By Christina Okello - RFI
Africa REUTERSEduardo Munoz
SEP 26, 2019 LISTEN
REUTERS/Eduardo Munoz

Two years after the #MeToo Movement revolutionised gender discourse in the West, African women are still being left out of the conversation. That's according to a new campaign group, African Women on Board, which is urging world leaders at the UN General Assembly to better engage African women.

"#MeToo didn't come to the African continent," comments Nkiru Balonwu, a Nigerian entrepreneur and founder of African Women on Board.

"There were pockets of conversation around #MeToo but nothing that really moved the conversation forward," she told RFI.

Launched on Thursday at the UN General Assembly (UNGA), African Women on Board (AWM) is made up of entrepreneurs and politicians from across Africa and the diaspora. Its aim is to give a voice to African women, and change how they're perceived.

The UNGA is used as a platform to highlight the issues that matter most to countries. A major theme over the past week has been climate action. Feminist groups like AWB also want gender equality, especially for black women, to top global concerns.

"If you google images of us, you see women carrying things on their heads, five babies on their backs...but when you see America, you see greatness – though perhaps not today," she told RFI, hinting at the US president Donald Trump, who's battling an impeachment inquiry over claims he pressured Ukraine for help digging up dirt on his Democratic rival.

Powerful role models
"What if we channeled that same energy to show the amazing doctors, lawyers and women who are working on farms to feed their families? If we see those images perhaps it will change how we see ourselves and how the world sees us."

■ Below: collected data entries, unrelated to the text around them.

subsection \<open>Minimum degree\<close>

lemma adj_B_B: "u < v \<Longrightarrow> v < NB \<Longrightarrow> v - u \<le> R \<Longrightarrow> adj u v"
  unfolding adj_def by blast

lemma adj_core_core: "NB \<le> u \<Longrightarrow> (u - NB) mod r = (v - NB) mod r \<Longrightarrow> adj u v"
  unfolding adj_def by blast

lemma edge_if_adj: "u < v \<Longrightarrow> v < n \<Longrightarrow> adj u v \<Longrightarrow> {u,v} \<in> edges \<and> {v,u} \<in> edges"
  unfolding in_edges_iff by simp

lemma core_degree:
  assumes x: "NB \<le> x" "x < n"
  shows "K \<le> degree edges x"
proof -
  define i where "i = (x - NB) mod r"
  define A where "A = (\<lambda>m. NB + i + r*m) ` {..K} - {x}"
  have "inj_on (\<lambda>m. NB + i + r*m) {..K}" unfolding inj_on_def using r_pos by simp
  then have "card ((\<lambda>m. NB + i + r*m) ` {..K}) = K + 1" by (simp add: card_image)
  then have "K \<le> card A"
    unfolding A_def using diff_card_le_card_Diff[of "{x}" "(\<lambda>m. NB + i + r*m) ` {..K}"] by simp
  moreover have "\<forall>a\<in>A. {a,x} \<in> edges \<and> a \<noteq> x"
  proof
    fix a assume "a \<in> A"
    then obtain m where m: "m \<le> K" "a = NB + i + r*m" "a \<noteq> x" unfolding A_def by blast
    have "i < r" unfolding i_def using r_pos by simp
    moreover have "r*m \<le> r*K" using m(1) by simp
    moreover have "r*(K+1) = r + r*K" by simp
    ultimately have "i + r*m < r*(K+1)" by linarith
    then have "a < n" using parts_fit m(2) by simp
    have same_class: "(a - NB) mod r = (x - NB) mod r" using m(2) \<open>i < r\<close> unfolding i_def by simp
    have "NB \<le> a" using m(2) by simp
    show "{a,x} \<in> edges \<and> a \<noteq> x"
    proof (cases "a < x")
      case True
      then have "{a,x} \<in> edges"
        using edge_if_adj adj_core_core[OF \<open>NB \<le> a\<close> same_class] x(2) by blast
      then show ?thesis using True by simp
    next
      case False
      then have "x < a" using m(3) by simp
      then have "{a,x} \<in> edges"
        using edge_if_adj adj_core_core[OF x(1) same_class[symmetric]] \<open>a < n\<close> by blast
      then show ?thesis using m(3) by simp
    qed
  qed
  moreover have "finite A" unfolding A_def by simp
  ultimately show ?thesis using card_le_degree[OF finite_edges, of A x] by linarith
qed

The irony is that Africa does have powerful women as role models, including Ellen Johnson Sirleaf, Liberia's first female leader and Ethiopia's new president Saleh Work-Zewde. Moreover, countries like Rwanda are far ahead when it comes to promoting gender equality, having appointed over 60 percent of women to parliament.

"Rwanda created pipelines," comments Balonwu. "The women got there because they were given opportunities, and men created pipelines for them, so we need more men to be champions of women."

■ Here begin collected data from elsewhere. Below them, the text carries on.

lemma valuation_eq_if_vge_diff:
  assumes "x \<noteq> 0" and "vge v (v x + 1) (y - x)"
  shows "y \<noteq> 0" and "v y = v x"
proof -
  have "y \<noteq> 0 \<and> v y = v x"
  proof (cases "y = x")
    case False
    then have d: "y - x \<noteq> 0" "v (y - x) \<ge> v x + 1"
      using assms(2) by auto
    then have y: "y \<noteq> 0"
      by auto
    have "min (v x) (v (y - x)) \<le> v y"
      using valuation_add[of x "y - x"] assms(1) d y by simp
    moreover have "min (v y) (v (x - y)) \<le> v x"
      using valuation_add[of y "x - y"] assms(1) d y by simp
    moreover have "v (x - y) = v (y - x)"
      using valuation_minus[of "y - x"] by simp
    ultimately show ?thesis
      using d y by auto
  qed (use assms(1) in simp)
  then show "y \<noteq> 0" and "v y = v x"
    by auto
qed

end


section \<open>Residue representatives and digit expansions\<close>

definition residue_rel :: "('a::field \<Rightarrow> int) \<Rightarrow> ('a \<times> 'a) set" where
  "residue_rel v = {(x, y). x \<in> int_ring v \<and> y \<in> int_ring v \<and> vge v 1 (x - y)}"

lemma residue_field_eq_quotient: "residue_field v = int_ring v // residue_rel v"
  by (simp add: residue_field_def residue_rel_def)

context valued_field
begin

lemma equiv_residue_rel: "equiv (int_ring v) (residue_rel v)"
proof (rule equivI)
  show "residue_rel v \<subseteq> int_ring v \<times> int_ring v"
    by (auto simp: residue_rel_def)
  show "refl_on (int_ring v) (residue_rel v)"
    by (auto simp: refl_on_def residue_rel_def)
  show "sym (residue_rel v)"
    by (rule symI) (use vge_minus[of 1 "_ - _"] in \<open>auto simp: residue_rel_def\<close>)
  show "trans (residue_rel v)"
    by (rule transI) (use vge_add[of 1 "_ - _" "_ - _"] in \<open>fastforce simp: residue_rel_def\<close>)
qed

lemma residue_representatives_exist:
  assumes "finite (residue_field v)"
  obtains R where "R \<subseteq> int_ring v" and "\<And>x. x \<in> int_ring v \<Longrightarrow> \<exists>r\<in>R. vge v 1 (x - r)"
    and "\<And>r r'. r \<in> R \<Longrightarrow> r' \<in> R \<Longrightarrow> vge v 1 (r - r') \<Longrightarrow> r = r'"
    and "finite R" and "card R = residue_card v"
proof -
  have "\<forall>C\<in>residue_field v. \<exists>x. x \<in> C"
    by (auto simp: residue_field_eq_quotient residue_rel_def elim!: quotientE)
  then obtain rep where rep: "\<And>C. C \<in> residue_field v \<Longrightarrow> rep C \<in> C"
    by metis
  have same_class: "C = C'"
    if "C \<in> residue_field v" "C' \<in> residue_field v" "(rep C, rep C') \<in> residue_rel v" for C C'
    using quotient_eqI[OF equiv_residue_rel _ _ rep rep] that
    by (simp add: residue_field_eq_quotient)
  have class_of: "x \<in> int_ring v \<Longrightarrow> residue_rel v `` {x} \<in> residue_field v
      \<and> (x, rep (residue_rel v `` {x})) \<in> residue_rel v" for x
    using rep[of "residue_rel v `` {x}"] by (simp add: residue_field_eq_quotient quotientI)
  have in_ring: "rep C \<in> int_ring v" if "C \<in> residue_field v" for C
    using rep[OF that] that in_quotient_imp_subset[OF equiv_residue_rel]
    by (auto simp: residue_field_eq_quotient)
  have "inj_on rep (residue_field v)"
    by (rule inj_onI) (use same_class equiv_residue_rel in \<open>auto simp: residue_rel_def in_ring\<close>)
  show thesis
  proof (rule that[of "rep ` residue_field v"])
    show "rep ` residue_field v \<subseteq> int_ring v"
      using in_ring by blast
    show "\<exists>r\<in>rep ` residue_field v. vge v 1 (x - r)" if "x \<in> int_ring v" for x
      using class_of[OF that] by (auto simp: residue_rel_def)
    show "r = r'" if "r \<in> rep ` residue_field v" "r' \<in> rep ` residue_field v" "vge v 1 (r - r')"
      for r r'
      using that same_class in_ring by (force simp: residue_rel_def)
    show "finite (rep ` residue_field v)"
      using assms by simp
    show "card (rep ` residue_field v) = residue_card v"
      using card_image[OF \<open>inj_on rep (residue_field v)\<close>] by (simp add: residue_card_def)
  qed
qed

end


fun digit_expansions :: "'a::field \<Rightarrow> 'a set \<Rightarrow> nat \<Rightarrow> 'a set" where
  "digit_expansions \<pi> R 0 = {0}"
| "digit_expansions \<pi> R (Suc k) = (\<lambda>(t, r). t + \<pi> ^ k * r) ` (digit_expansions \<pi> R k \<times> R)"

locale residue_system = valued_field +
  fixes \<pi> :: "'a::field" and R :: "'a set"
  assumes uniformizer_nonzero [simp]: "\<pi> \<noteq> 0" and valuation_uniformizer: "v \<pi> = 1"
    and digits_integral: "R \<subseteq> int_ring v"
    and digits_cover: "x \<in> int_ring v \<Longrightarrow> \<exists>r\<in>R. vge v 1 (x - r)"
    and digits_distinct: "r \<in> R \<Longrightarrow> r' \<in> R \<Longrightarrow> vge v 1 (r - r') \<Longrightarrow> r = r'"
    and finite_digits: "finite R"
begin

lemma valuation_uniformizer_power [simp]: "v (\<pi> ^ k) = int k"
  by (simp add: valuation_power valuation_uniformizer)

lemma vge_uniformizer_power_mult: "vge v n (\<pi> ^ k * y) \<longleftrightarrow> vge v (n - int k) y"
  by (simp add: vge_mult_nonzero)

lemma vge_digit_diff: "r \<in> R \<Longrightarrow> r' \<in> R \<Longrightarrow> vge v 0 (r - r')"
  using digits_integral by (auto simp: int_ring_def intro: vge_diff)

lemma digit_expansions_integral: "digit_expansions \<pi> R k \<subseteq> int_ring v"
proof (induction k)
  case (Suc k)
  have "vge v 0 (t + \<pi> ^ k * r)" if "t \<in> digit_expansions \<pi> R k" "r \<in> R" for t r
  proof (rule vge_add)
    show "vge v 0 t"
      using that Suc by (auto simp: int_ring_def)
    show "vge v 0 (\<pi> ^ k * r)"
      using that digits_integral by (auto simp: vge_uniformizer_power_mult int_ring_def intro: vge_mono)
  qed
  then show ?case
    by (auto simp: int_ring_def)
qed (simp add: int_ring_def)

lemma digit_expansions_approx:
  "x \<in> int_ring v \<Longrightarrow> \<exists>t\<in>digit_expansions \<pi> R k. vge v (int k) (x - t)"
proof (induction k)
  case (Suc k)
  then obtain t where t: "t \<in> digit_expansions \<pi> R k" "vge v (int k) (x - t)"
    by blast
  define y where "y = (x - t) / \<pi> ^ k"
  have xt: "x - t = \<pi> ^ k * y"
    by (simp add: y_def)
  then have "vge v 0 y"
    using t(2) by (simp add: vge_uniformizer_power_mult)
  then obtain r where r: "r \<in> R" "vge v 1 (y - r)"
    using digits_cover by (auto simp: int_ring_def)
  have "x - (t + \<pi> ^ k * r) = \<pi> ^ k * (y - r)"
    using xt by (simp add: algebra_simps)
  then have "vge v (int (Suc k)) (x - (t + \<pi> ^ k * r))"
    using r(2) by (simp add: vge_uniformizer_power_mult)
  moreover have "t + \<pi> ^ k * r \<in> digit_expansions \<pi> R (Suc k)"
    using t r by force
  ultimately show ?case
    by blast
qed (simp add: int_ring_def)

lemma digit_expansions_unique:
  "t \<in> digit_expansions \<pi> R k \<Longrightarrow> t' \<in> digit_expansions \<pi> R k \<Longrightarrow> vge v (int k) (t - t') \<Longrightarrow> t = t'"
proof (induction k arbitrary: t t')
  case (Suc k)
  obtain s r where s: "t = s + \<pi> ^ k * r" "s \<in> digit_expansions \<pi> R k" "r \<in> R"
    using Suc.prems by auto
  obtain s' r' where s': "t' = s' + \<pi> ^ k * r'" "s' \<in> digit_expansions \<pi> R k" "r' \<in> R"
    using Suc.prems by auto
  have diff: "t - t' = (s - s') + \<pi> ^ k * (r - r')"
    using s s' by (simp add: algebra_simps)
  have "vge v (int k) (\<pi> ^ k * (r - r'))"
    using vge_digit_diff[OF s(3) s'(3)] by (simp add: vge_uniformizer_power_mult)
  moreover have "vge v (int k) (t - t')"
    using Suc.prems(3) vge_mono by simp
  ultimately have "vge v (int k) (s - s')"
    using vge_diff diff by fastforce
  then have "s = s'"
    using Suc.IH s s' by blast
  then have "vge v 1 (r - r')"
    using diff Suc.prems(3) by (simp add: vge_uniformizer_power_mult)
  then show ?case
    using digits_distinct s s' \<open>s = s'\<close> by blast
qed simp

lemma card_digit_expansions: "finite (digit_expansions \<pi> R k) \<and> card (digit_expansions \<pi> R k) = card R ^ k"
proof (induction k)
  case (Suc k)
  have "inj_on (\<lambda>(t, r). t + \<pi> ^ k * r) (digit_expansions \<pi> R k \<times> R)"
  proof (rule inj_onI, clarify)
    fix s r s' r'
    assume s: "s \<in> digit_expansions \<pi> R k" "r \<in> R" "s' \<in> digit_expansions \<pi> R k" "r' \<in> R"
      and eq: "s + \<pi> ^ k * r = s' + \<pi> ^ k * r'"
    have "s - s' = \<pi> ^ k * (r' - r)"
      using eq by (simp add: algebra_simps)
    moreover have "vge v (int k) (\<pi> ^ k * (r' - r))"
      using vge_digit_diff[of r' r] s by (simp add: vge_uniformizer_power_mult)
    ultimately have "s = s'"
      using digit_expansions_unique s by simp
    then show "s = s' \<and> r = r'"
      using eq by simp
  qed
  then show ?case
    using Suc finite_digits by (simp add: card_image card_cartesian_product)
qed simp

lemma two_le_card_digits: "2 \<le> card R"
proof -
  obtain r0 where r0: "r0 \<in> R" "vge v 1 (0 - r0)"
    using digits_cover[of 0] by (auto simp: int_ring_def)
  obtain r1 where r1: "r1 \<in> R" "vge v 1 (1 - r1)"
    using digits_cover[of 1] by (auto simp: int_ring_def)
  have "r0 \<noteq> r1"
  proof
    assume "r0 = r1"
    then have "vge v 1 ((1 - r1) - (0 - r0))"
      using vge_diff[OF r1(2) r0(2)] by simp
    then show False
      using \<open>r0 = r1\<close> by simp
  qed
  then have "card {r0, r1} \<le> card R"
    using r0 r1 finite_digits by (intro card_mono) auto
  then show ?thesis
    using \<open>r0 \<noteq> r1\<close> by simp
qed

end


section \<open>Valuations of elements of Z_p\<close>

context
  fixes v :: "'a::field_char_0 \<Rightarrow> int" and p :: nat
  assumes padic: "padic_local_field v p"
begin

interpretation valued_field v
  using padic by unfold_locales (simp add: padic_local_field_def)

lemma prime_residue_char: "prime p"
  using padic by (simp add: padic_local_field_def)

lemma residue_char_nonzero [simp]: "p \<noteq> 0"
  using prime_residue_char by auto

lemma valuation_residue_char_pos: "1 \<le> v (of_nat p)"
  using padic by (simp add: padic_local_field_def)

The trouble is that this equality is not trickling down into their homes.

This disconnect has largely been attributed to ingrained social attitudes and according to data from the World Bank, many women still believe that a man is justified in beating his wife is she refuses to have sex with him.

An African #MeToo
"I wouldn't say that sexual violence is an African problem," reckons Balonwu.

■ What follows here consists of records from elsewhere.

lemma list_span_add: "x \<in> list_span k vs \<Longrightarrow> y \<in> list_span k vs \<Longrightarrow> x + y \<in> list_span k vs"
  unfolding list_span_def using list_comb_add by blast

lemma list_span_smult: "x \<in> list_span k vs \<Longrightarrow> a \<cdot>\<^sub>v x \<in> list_span k vs"
  unfolding list_span_def using list_comb_smult by blast

lemma zero_in_list_span: "0\<^sub>v k \<in> list_span k vs"
proof -
  have "list_comb k (\<lambda>_. 0) vs = 0\<^sub>v k" by (rule eq_vecI) auto
  then show ?thesis unfolding list_span_def by (metis rangeI)
qed

lemma list_span_Nil: "list_span k [] = {0\<^sub>v k}"
  unfolding list_span_def by (auto simp: list_comb_Nil)

lemma nth_in_list_span:
  assumes "i < length vs" "vs ! i \<in> carrier_vec k"
  shows "vs ! i \<in> list_span k vs"
proof -
  have "list_comb k (\<lambda>l. of_bool (l = i)) vs = vs ! i"
    using assms by (intro eq_vecI) (auto simp: if_distrib cong: if_cong)
  then show ?thesis unfolding list_span_def by (metis rangeI)
qed

lemma set_subset_list_span: "set vs \<subseteq> carrier_vec k \<Longrightarrow> set vs \<subseteq> list_span k vs"
  by (auto simp: in_set_conv_nth intro!: nth_in_list_span)

lemma list_comb_in_list_span:
  "set us \<subseteq> list_span k vs \<Longrightarrow> list_comb k c us \<in> list_span k vs"
proof (induction us arbitrary: c rule: rev_induct)
  case Nil
  then show ?case by (simp add: list_comb_Nil zero_in_list_span)
next
  case (snoc u us)
  then have "u \<in> carrier_vec k" using list_span_carrier by auto
  with snoc show ?case by (auto simp: list_comb_snoc intro!: list_span_add list_span_smult)
qed

lemma list_span_mono: "set us \<subseteq> list_span k vs \<Longrightarrow> list_span k us \<subseteq> list_span k vs"
  using list_comb_in_list_span by (auto simp: list_span_def)

lemma list_span_eqI:
  "set us \<subseteq> list_span k vs \<Longrightarrow> set vs \<subseteq> list_span k us \<Longrightarrow> list_span k us = list_span k vs"
  using list_span_mono by blast

lemma list_span_snoc:
  assumes v: "v \<in> carrier_vec k"
  shows "list_span k (vs @ [v]) = (\<lambda>(w, a). w + a \<cdot>\<^sub>v v) ` (list_span k vs \<times> UNIV)"
proof
  show "list_span k (vs @ [v]) \<subseteq> (\<lambda>(w, a). w + a \<cdot>\<^sub>v v) ` (list_span k vs \<times> UNIV)"
    by (auto simp: list_span_def list_comb_snoc[OF v] image_iff)
next
  show "(\<lambda>(w, a). w + a \<cdot>\<^sub>v v) ` (list_span k vs \<times> UNIV) \<subseteq> list_span k (vs @ [v])"
  proof clarify
    fix w a assume "w \<in> list_span k vs"
    then obtain c where w: "w = list_comb k c vs" by (auto simp: list_span_def)
    have "list_comb k (c(length vs := a)) (vs @ [v]) = list_comb k (c(length vs := a)) vs + a \<cdot>\<^sub>v v"
      by (simp add: list_comb_snoc[OF v])
    also have "list_comb k (c(length vs := a)) vs = w"
      unfolding w by (rule list_comb_cong) auto
    finally show "w + a \<cdot>\<^sub>v v \<in> list_span k (vs @ [v])"
      unfolding list_span_def by (metis rangeI)
  qed
qed

lemma finite_carrier_vec [simp]: "finite (carrier_vec k :: 'a::finite vec set)"
proof -
  have "carrier_vec k \<subseteq> vec_of_list ` {xs :: 'a list. set xs \<subseteq> UNIV \<and> length xs = k}"
    by (auto intro!: image_eqI[of _ _ "list_of_vec _"] simp: vec_list)
  moreover have "finite {xs :: 'a list. set xs \<subseteq> UNIV \<and> length xs = k}"
    by (rule finite_lists_length_eq) simp
  ultimately show ?thesis by (meson finite_imageI finite_subset)
qed

lemma finite_list_span [simp]: "finite (list_span k (vs :: 'a::{finite,field} vec list))"
  by (rule finite_subset[OF list_span_carrier]) simp

lemma card_list_span_snoc:
  fixes vs :: "'a::{finite,field} vec list"
  assumes v: "v \<in> carrier_vec k" and v_notin: "v \<notin> list_span k vs"
  shows "card (list_span k (vs @ [v])) = CARD('a) * card (list_span k vs)"
proof -
  have "inj_on (\<lambda>(w, a). w + a \<cdot>\<^sub>v v) (list_span k vs \<times> UNIV)"
  proof (rule inj_onI, clarify)
    fix w a w' a' assume w: "w \<in> list_span k vs" and w': "w' \<in> list_span k vs"
      and eq: "w + a \<cdot>\<^sub>v v = w' + a' \<cdot>\<^sub>v v"
    have wc: "w \<in> carrier_vec k" "w' \<in> carrier_vec k" using w w' list_span_carrier by auto
    have comp: "w $ j + a * v $ j = w' $ j + a' * v $ j" if "j < k" for j
      using arg_cong[OF eq, of "\<lambda>u. u $ j"] that wc v by simp
    show "w = w' \<and> a = a'"
    proof (cases "a = a'")
      case True
      then show ?thesis using comp wc by (intro conjI eq_vecI) auto
    next
      case False
      have "inverse (a - a') \<cdot>\<^sub>v (w' + (-1) \<cdot>\<^sub>v w) = v"
      proof (rule eq_vecI)
        fix j assume "j < dim_vec v"
        then have j: "j < k" using v by simp
        have "(a - a') * v $ j = w' $ j - w $ j"
          using comp[OF j] by (simp add: algebra_simps)
        then show "(inverse (a - a') \<cdot>\<^sub>v (w' + (-1) \<cdot>\<^sub>v w)) $ j = v $ j"
          using j wc False by (simp add: field_simps)
      qed (use wc v in simp)
      moreover have "inverse (a - a') \<cdot>\<^sub>v (w' + (-1) \<cdot>\<^sub>v w) \<in> list_span k vs"
        using w w' by (intro list_span_smult list_span_add)
      ultimately show ?thesis using v_notin by simp
    qed
  qed
  then have "card (list_span k (vs @ [v])) = card (list_span k vs \<times> (UNIV :: 'a set))"
    unfolding list_span_snoc[OF v] by (rule card_image)
  then show ?thesis by (simp add: card_cartesian_product)
qed

section \<open>Independent lists and subspaces\<close>

definition indep_list :: "nat \<Rightarrow> 'a::field vec list \<Rightarrow> bool" where
  "indep_list k vs \<longleftrightarrow>
     set vs \<subseteq> carrier_vec k \<and> (\<forall>i<length vs. vs ! i \<notin> list_span k (take i vs))"

lemma indep_list_Nil [simp]: "indep_list k []"
  by (simp add: indep_list_def)

lemma indep_list_carrier: "indep_list k vs \<Longrightarrow> set vs \<subseteq> carrier_vec k"
  by (simp add: indep_list_def)

lemma indep_list_snoc:
  "indep_list k (vs @ [v]) \<longleftrightarrow> indep_list k vs \<and> v \<in> carrier_vec k \<and> v \<notin> list_span k vs"
proof -
  have "(\<forall>i<length (vs @ [v]). (vs @ [v]) ! i \<notin> list_span k (take i (vs @ [v])))
    \<longleftrightarrow> (\<forall>i<length vs. vs ! i \<notin> list_span k (take i vs)) \<and> v \<notin> list_span k vs"
    by (auto simp: nth_append less_Suc_eq)
  then show ?thesis unfolding indep_list_def by auto
qed

lemma card_list_span_indep:
  fixes vs :: "'a::{finite,field} vec list"
  shows "indep_list k vs \<Longrightarrow> card (list_span k vs) = CARD('a) ^ length vs"
proof (induction vs rule: rev_induct)
  case Nil
  then show ?case by (simp add: list_span_Nil)
next
  case (snoc v vs)
  then show ?case by (simp add: indep_list_snoc card_list_span_snoc)
qed

lemma indep_list_extend:
  assumes "indep_list k es" "set ws \<subseteq> carrier_vec k"
  shows "\<exists>us. indep_list k (es @ us) \<and> list_span k (es @ us) = list_span k (es @ ws)"
  using assms
proof (induction ws arbitrary: es)
  case Nil
  then show ?case by (intro exI[of _ "[]"]) simp
next
  case (Cons w ws)
  have es: "set es \<subseteq> carrier_vec k" using Cons.prems by (simp add: indep_list_def)
  have w: "w \<in> carrier_vec k" and ws: "set ws \<subseteq> carrier_vec k" using Cons.prems by auto
  show ?case
  proof (cases "w \<in> list_span k es")
    case True
    have "list_span k es \<subseteq> list_span k (es @ ws)"
      using set_subset_list_span[of "es @ ws" k] es ws by (intro list_span_mono) auto
    then have "list_span k (es @ w # ws) = list_span k (es @ ws)"
      using set_subset_list_span[of "es @ ws" k] set_subset_list_span[of "es @ w # ws" k]
        es w ws True by (intro list_span_eqI) auto
    then show ?thesis using Cons.IH[OF Cons.prems(1) ws] by simp
  next
    case False
    then have "indep_list k (es @ [w])" using Cons.prems w by (simp add: indep_list_snoc)
    from Cons.IH[OF this ws] obtain us where
      "indep_list k (es @ w # us)" "list_span k (es @ w # us) = list_span k (es @ w # ws)"
      by auto
    then show ?thesis by blast
  qed
qed

definition is_subspace :: "nat \<Rightarrow> 'a::field vec set \<Rightarrow> bool" where
  "is_subspace k V \<longleftrightarrow> (\<exists>ws. set ws \<subseteq> carrier_vec k \<and> V = list_span k ws)"

lemma is_subspace_list_span: "set ws \<subseteq> carrier_vec k \<Longrightarrow> is_subspace k (list_span k ws)"
  unfolding is_subspace_def by blast

lemma is_subspace_carrier: "is_subspace k V \<Longrightarrow> V \<subseteq> carrier_vec k"
  using list_span_carrier is_subspace_def by blast

lemma list_span_subset_subspace:
  "is_subspace k V \<Longrightarrow> set us \<subseteq> V \<Longrightarrow> list_span k us \<subseteq> V"
  unfolding is_subspace_def using list_span_mono by blast

lemma zero_in_subspace: "is_subspace k U \<Longrightarrow> 0\<^sub>v k \<in> U"
  unfolding is_subspace_def using zero_in_list_span by blast

lemma finite_subspace: "is_subspace k (V :: 'a::{finite,field} vec set) \<Longrightarrow> finite V"
  by (auto simp: is_subspace_def)

lemma finite_subspaces:
  "finite {V :: 'a::{finite,field} vec set. is_subspace k V \<and> P V}"
  by (rule finite_subset[of _ "Pow (carrier_vec k)"]) (auto dest: is_subspace_carrier)

lemma subspace_extend_basis:
  assumes "is_subspace k V" "indep_list k es" "set es \<subseteq> V"
  shows "\<exists>us. indep_list k (es @ us) \<and> list_span k (es @ us) = V"
proof -
  obtain ws where ws: "set ws \<subseteq> carrier_vec k" "V = list_span k ws"
    using assms(1) is_subspace_def by blast
  obtain us where us: "indep_list k (es @ us)" "list_span k (es @ us) = list_span k (es @ ws)"
    using indep_list_extend[OF assms(2) ws(1)] by blast
  have "set (es @ ws) \<subseteq> list_span k ws"
    using assms(3) set_subset_list_span[OF ws(1)] unfolding ws(2) by simp
  moreover have "set ws \<subseteq> list_span k (es @ ws)"
    using set_subset_list_span[of "es @ ws" k] indep_list_carrier[OF assms(2)] ws(1) by simp
  ultimately have "list_span k (es @ ws) = V"
    unfolding ws(2) by (rule list_span_eqI)
  with us show ?thesis by blast
qed

lemma subspace_has_basis: "is_subspace k V \<Longrightarrow> \<exists>vs. indep_list k vs \<and> list_span k vs = V"
  using subspace_extend_basis[of k V "[]"] by simp

lemma card_subspace_power:
  fixes U :: "'a::{finite,field} vec set"
  shows "is_subspace k U \<Longrightarrow> \<exists>d. card U = CARD('a) ^ d"
  using subspace_has_basis card_list_span_indep by metis

lemma subspace_eq_if_card_eq:
  fixes U V :: "'a::{finite,field} vec set"
  shows "is_subspace k V \<Longrightarrow> U \<subseteq> V \<Longrightarrow> card U = card V \<Longrightarrow> U = V"
  using finite_subspace card_subset_eq by blast

lemma two_le_CARD_field: "2 \<le> CARD('a::{finite,field})"
proof -
  have "card {0::'a, 1} \<le> CARD('a)" by (rule card_mono) auto
  then show ?thesis by simp
qed

lemma CARD_field_power_le_iff: "CARD('a::{finite,field}) ^ a \<le> CARD('a) ^ b \<longleftrightarrow> a \<le> b"
  using two_le_CARD_field[where 'a = 'a] by (intro power_increasing_iff) simp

"#MeToo started from the Silicon Valley in the US. It was men behaving badly because there were no consequences. When women feel as though they cannot be heard things happen."

Can women in Africa come out and say Me Too?
"Not only is it possible, they must.
"This is the whole point of African Women on Board to say to women you have to speak up for yourself. We are the ones raising these men, what if we believed in ourselves more?"

African women are facing varying scales of discrimination all at once from rape as a weapon of war to being trapped in early child marriages.

"We don't have to adopt the US version of #MeToo," adds Balonwu. 

"There are ways to have a movement that speaks to our own circumstances and have conversations about how men can better support women," she said.